Achevée en 1805, la construction se composait de deux parties : la grande serre chaude et le bâtiment de réception d'où l'on pouvait contempler cette dernière. Les serres chauffées permettaient la culture de variétés exotiques et d'arbres pouvant atteindre cinq mètres de haut. Ces espèces rares, parmi lesquelles l'hortensia, étaient ramenées par le naturaliste Bonpland. C'est ici que le botaniste Redouté dessina les plus beaux spécimens de la roseraie.
 
La serre disparut à la mort d'Eugène, fils de l'impératrice.
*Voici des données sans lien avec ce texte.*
lemma slicewise_eq_zero:
  fixes X :: "'i \<Rightarrow> ('b \<Rightarrow> 'a::field) set"
  assumes "\<tau> \<in> I" and "X \<tau> = {0}" and "\<forall>\<nu>\<in>I. 0 \<in> X \<nu>"
  shows "slicewise I B X = {0}"
proof
  show "slicewise I B X \<subseteq> {0}"
  proof
    fix f assume f: "f \<in> slicewise I B X"
    have "f k = 0" for k
    proof (cases "k \<in> PiE I B")
      case True
      then have "slice B \<tau> f k (k \<tau>) = f k"
        using assms(1) by (auto simp: slice_def)
      then show ?thesis
        using slicewiseD[OF f assms(1) True] assms(2) by simp
    next
      case False
      then show ?thesis
        using f unfolding slicewise_def vecs_def by blast
    qed
    then show "f \<in> {0}"
      by (simp add: fun_eq_iff)
  qed
  show "{0} \<subseteq> slicewise I B X"
    using assms(3) by (auto simp: slicewise_def vecs_def slice_zero)
qed

lemma ptensor_in_vecs: "ptensor I B v \<in> vecs (PiE I B)"
  by (simp add: ptensor_def vecs_def)

lemma ptensor_eq_prod_remove:
  assumes "finite I" and "\<tau> \<in> I"
  shows "ptensor I B v k = (if k \<in> PiE I B then (\<Prod>\<mu>\<in>I-{\<tau>}. v \<mu> (k \<mu>)) * v \<tau> (k \<tau>) else 0)"
  unfolding ptensor_def using prod.remove[OF assms, of "\<lambda>\<mu>. v \<mu> (k \<mu>)"] by (simp add: mult.commute)

lemma additive_ptensor_upd:
  assumes "finite I" and "\<tau> \<in> I"
  shows "additive (\<lambda>z. ptensor I B (v(\<tau> := z)))"
proof
  have "(\<Prod>\<mu>\<in>I-{\<tau>}. (v(\<tau> := z)) \<mu> (k \<mu>)) = (\<Prod>\<mu>\<in>I-{\<tau>}. v \<mu> (k \<mu>))" for z k
    by (rule prod.cong) auto
  then show "ptensor I B (v(\<tau> := x + y)) = ptensor I B (v(\<tau> := x)) + ptensor I B (v(\<tau> := y))" for x y
    by (simp add: fun_eq_iff ptensor_eq_prod_remove[OF assms] distrib_left)
qed
text \<open>
  Write a_j for as ! j, so a = a_1 is the second entry, and pick r_j with sum_j a_j r_j = 1.
  The exchange property for a r_1 yields an idempotent e = a q whose complement f = 1 - e lies
  in the right ideal spanned by the other entries, say f = sum_(j ~= 1) a_j p_j. Adding
  a q (delta_j0 - a_j) to every other column replaces a_j by f a_j, and a_0 by f a_0 + e.
  Now e + Y, with Y = f a_0 e, and f - Y p_0 lie in the span of the other columns.
  A second use of the exchange property, for f - Y p_0, gives an idempotent k orthogonal to the
  idempotent e + Y, and their join h lies in that span, satisfies aR + hR = R, and is full:
  1 = e + k + Y p_0 s for some s. Subtracting h a from the second column leaves (1 - h) a, and
  a m + h n = 1 gives (1 - h) a m = 1 - h, so (1 - h) a is regular and generates the same
  right ideal as 1 - h.
\<close>

lemma orthogonal_idempotent_join:
  fixes e k :: "'a::ring_1"
  assumes "e * e = e" "k * k = k" "e * k = 0"
  shows "(e + k - k * e) * e = e" "(e + k - k * e) * k = k"
    and "(e + k - k * e) * (e + k - k * e) = e + k - k * e"
proof -
  have "k * e * e = k * e" "k * e * k = 0"
    using assms by (simp_all add: mult.assoc)
  then show "(e + k - k * e) * e = e" "(e + k - k * e) * k = k"
    using assms by (simp_all add: algebra_simps)
  then show "(e + k - k * e) * (e + k - k * e) = e + k - k * e"
    by (simp add: algebra_simps flip: mult.assoc)
qed

lemma two_sided_ideal_gen_eq_UNIV:
  fixes g :: "'a::ring_1"
  assumes "1 \<in> two_sided_ideal_gen g"
  shows "two_sided_ideal_gen g = UNIV"
proof -
  obtain ps where ps: "1 = sum_list (map (\<lambda>(x, y). x * g * y) ps)"
    using assms unfolding two_sided_ideal_gen_def by blast
  have "z = sum_list (map (\<lambda>(x, y). x * g * y) (map (\<lambda>(x, y). (x, y * z)) ps))" for z
  proof -
    have "z = sum_list (map (\<lambda>(x, y). x * g * y) ps) * z"
      using ps by simp
    also have "\<dots> = sum_list (map (\<lambda>(x, y). x * g * y) (map (\<lambda>(x, y). (x, y * z)) ps))"
      by (simp flip: sum_list_mult_const add: comp_def case_prod_beta mult.assoc)
    finally show ?thesis .
  qed
  then show ?thesis
    unfolding two_sided_ideal_gen_def by blast
qed

lemma regular_complement_mult:
  fixes h x :: "'a::ring_1"
  assumes "h * h = h" "x * m + h * n = 1"
  shows "regular_elem ((1 - h) * x)"
    and "right_ideal_gen ((1 - h) * x) = right_ideal_gen (1 - h)"
proof -
  have "x * m = 1 - h * n"
    using assms(2) by (simp add: eq_diff_eq)
  then have "(1 - h) * x * m = (1 - h) * (1 - h * n)"
    by (simp add: mult.assoc)
  also have "\<dots> = 1 - h"
    using assms(1) by (simp add: algebra_simps flip: mult.assoc)
  finally have inv: "(1 - h) * x * m = 1 - h" .
  then have "(1 - h) * x * m * ((1 - h) * x) = (1 - h) * ((1 - h) * x)"
    by simp
  also have "\<dots> = (1 - h) * x"
    using assms(1) by (simp add: algebra_simps flip: mult.assoc)
  finally have "(1 - h) * x * m * ((1 - h) * x) = (1 - h) * x" .
  then show "regular_elem ((1 - h) * x)"
    unfolding regular_elem_def by blast
  have "(1 - h) * r = (1 - h) * x * (m * r)" for r
    using inv by (simp flip: mult.assoc)
  then show "right_ideal_gen ((1 - h) * x) = right_ideal_gen (1 - h)"
    unfolding right_ideal_gen_def by (auto simp: mult.assoc)
qed

lemma exchange_ring_full_idempotent:
  fixes e Y v :: "'a::ring_1"
  assumes exch: "exchange_ring TYPE('a)"
    and e: "e * e = e" and eY: "e * Y = 0" and Ye: "Y * e = Y"
  obtains h x y m n where "h * h = h" "h = (e + Y) * x + (1 - e - Y * v) * y"
    and "e * m + h * n = 1" and "two_sided_ideal_gen h = UNIV"
proof -
  define f where "f = 1 - e"
  define u where "u = f - Y * v"
  define h1 where "h1 = e + Y"
  have fY: "f * Y = Y"
    using eY by (simp add: f_def algebra_simps)
  have eu: "e * u = 0"
    using e eY by (simp add: u_def f_def algebra_simps flip: mult.assoc)
  have fu: "f * u = u"
    using eu by (simp add: f_def algebra_simps)
  obtain k r s where k: "k * k = k" "k = u * r" "1 - k = (1 - u) * s"
    using exch unfolding exchange_ring_def by blast
  have ek: "e * k = 0"
    using eu by (simp add: k(2) flip: mult.assoc)
  have YY: "Y * Y = 0" and Yk: "Y * k = 0"
    using eY ek by (metis Ye mult.assoc mult_zero_right)+
  have h1: "h1 * h1 = h1" "h1 * k = 0"
    using e eY Ye YY ek Yk by (simp_all add: h1_def algebra_simps)
  \<comment> \<open>multiply the exchange identity for k by f on the left, using f u = u\<close>
  have split_one: "1 = e + k + Y * v * s"
  proof -
    have "f - k = f * (1 - k)"
      using ek by (simp add: f_def algebra_simps)
    also have "\<dots> = (f - u) * s"
      using fu by (simp add: k(3) algebra_simps flip: mult.assoc)
    finally show ?thesis
      by (simp add: u_def f_def algebra_simps mult.assoc)
  qed
  define h where "h = h1 + k - k * h1"
  have h: "h * h1 = h1" "h * k = k" "h * h = h"
    using orthogonal_idempotent_join[OF h1(1) k(1) h1(2)] by (simp_all add: h_def)
  have "h = h1 * 1 + u * (r * (1 - h1))"
    by (simp add: h_def k(2) algebra_simps mult.assoc)
  moreover have "e * (1 - v * s) + h * (k + h1 * v * s) = 1"
  proof -
    have "h * (k + h1 * v * s) = k + h1 * v * s"
      using h by (simp add: distrib_left flip: mult.assoc)
    then show ?thesis
      using split_one by (simp add: h1_def algebra_simps)
  qed
  moreover have "1 \<in> two_sided_ideal_gen h"
  proof -
    have "e * h1 = e" "f * h1 = Y"
      using e eY fY by (simp_all add: h1_def f_def algebra_simps)
    then have "1 = e * h1 + k + f * h1 * v * s"
      using split_one by simp
    also have "\<dots> = e * (h * h1) + h * k + f * (h * h1) * v * s"
      using h by simp
    also have "\<dots> = e * h * h1 + 1 * h * k + f * h * (h1 * v * s)"
      by (simp add: mult.assoc)
    finally have "1 = e * h * h1 + 1 * h * k + f * h * (h1 * v * s)" .
    then show ?thesis
      unfolding two_sided_ideal_gen_def
      by (intro CollectI exI[of _ "[(e, h1), (1, k), (f, h1 * v * s)]"]) (simp add: add.assoc)
  qed
  ultimately show thesis
    using that h(3) two_sided_ideal_gen_eq_UNIV unfolding u_def f_def h1_def by blast
qed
Aujourd'hui seul subsiste le corps de bâtiment central avec son charmant salon principal aménagé par Berthault où Joséphine recevait ses invités pour une tasse de thé après la visite des serres. La famille Czarnecki, actuelle propriétaire du château, s'attache à conserver l'atmosphère exquise qui y régnait du temps de l'Empire. Le parc du château de la petite Malmaison d'une superficie de 3 hectares possède une faune et une flore exceptionnelles pour qui sait observer. Il présente une variété d'arbres de grande valeur tels les cyprès chauves aux bords de la rivière anglaise, plan d'eau alimenté par la source provenant de la forêt de Malmaison. Le jardin qui se dessine autour annonce les prémisses du jardin romantique du XIXe siècle avec ses courbes et sa nature au laisser-aller étudié.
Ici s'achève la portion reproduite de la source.